This article will be circulated in Vital Signs Mag no.4, of which we distribute 1,000 copies within our two local hospitals. Feel free to help us with the print cost.
Sometimes you can see the current moment clearer when you look back into the not so distant past. A friend of ours started working as a nurse in Bristol a quarter of a century ago and, after having worked in a different health job for over a decade, has recently returned to nursing. We have asked him what has changed in the meantime. We are always interested to hear about your experience!
Intro
I started my nurse training back in 1999 and qualified in 2002. I did a diploma, nowadays most people do a degree and have to pay dearly for it. So I started off in care of the elderly, which is what I am doing now again. I did that for three years and then I went to New Zealand to work. That’s an interesting topic in itself, the differences in nursing here and there. I spent three years there, then came back to the UK. On my return I worked on the bank, then in cardiology for a few years and then over a decade in a health educational advisory role. I finally wanted to get back into nursing.
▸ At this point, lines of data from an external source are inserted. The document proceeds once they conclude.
(* Let $T>0$, $\mu>0$, and consider a partition of $[0,T]$ with mesh-size $h$ satisfying $$h\le\frac{\pi^2}{\sqrt2\,(2+\sqrt\mu\,T)\,\mu\,T}.$$ Then for all $u_h\in V^h_{0,*}$, $$\frac{2\pi^2}{(2+\sqrt\mu T)^2(\pi^2+4\mu T^2)}\,|u_h|_{H^1(0,T)}\le\sup_{0\ne v_h\in V^h_{0,*}}\frac{a(u_h,\overline{\mathcal H}_Tv_h)}{|v_h|_{H^1(0,T)}}.$$
   Context: $H^1_{0,*}(0,T)=\{u\in H^1(0,T):u(0)=0\}$, $H^1_{*,0}(0,T)=\{v\in H^1(0,T):v(T)=0\}$, with the norm $|u|_{H^1(0,T)}=\|\partial_tu\|_{L^2(0,T)}$. The bilinear form is $a(u,v):=-\langle\partial_tu,\partial_tv\rangle_{L^2(0,T)}+\mu\langle u,v\rangle_{L^2(0,T)}$ for $u\in H^1_{0,*}$, $v\in H^1_{*,0}$, and $(\overline{\mathcal H}_Tv)(t):=v(T)-v(t)$. For a partition $0=\eta_0<\dots<\eta_{l+1}=T$ with $h=\max_i(\eta_{i+1}-\eta_i)$, $S^2_h$ is the space of $C^1([0,T])$ functions that are polynomials of degree $\le2$ on each $[\eta_i,\eta_{i+1}]$, and $V^h_{0,*}:=\{v_h\in S^2_h:v_h(0)=0\}$. *)

theory Defs
  imports "HOL-Analysis.Analysis"
begin

definition is_partition :: "real \<Rightarrow> nat \<Rightarrow> (nat \<Rightarrow> real) \<Rightarrow> bool" where
  "is_partition T l eta \<longleftrightarrow> eta 0 = 0 \<and> eta (Suc l) = T \<and> (\<forall>i\<le>l. eta i < eta (Suc i))"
The composition of the workforce
When I first qualified in 2002 they had a massive international recruitment drive, mainly colleagues from India and the Philippines. I was new to nursing and they were new to the UK. At that time there appeared to be enough staff and then it became worse and worse and worse. It got to the point where the only way they could solve it was by recruiting internationally again. When they first went out looking for international nurses, they were able to pick the best and most experienced people with 10 – 15 years of experience. Later more and more international nurses arrive who have just finished their training or had recently qualified. I think the skill mix on the wards probably hasn’t changed that much, the ratio between nurses and nursing assistants and so on. There has also always been a coming and going of agency staff.
That’s interesting! Would also be good to look at the age composition. At least on the wards at Southmead you don’t see many nurses over 40 years of age. Gender-wise, on the other hand, it seems that things haven’t changed that much since the 1980s – it’s still only around 10 to 12% male nurses.
That’s right, most male nurses come from India and Africa, whereas only very few UK-trained male nurses come in, at least in acute health care. Perhaps men can more easily avoid getting into debt for a qualification that then pays only a medium wage?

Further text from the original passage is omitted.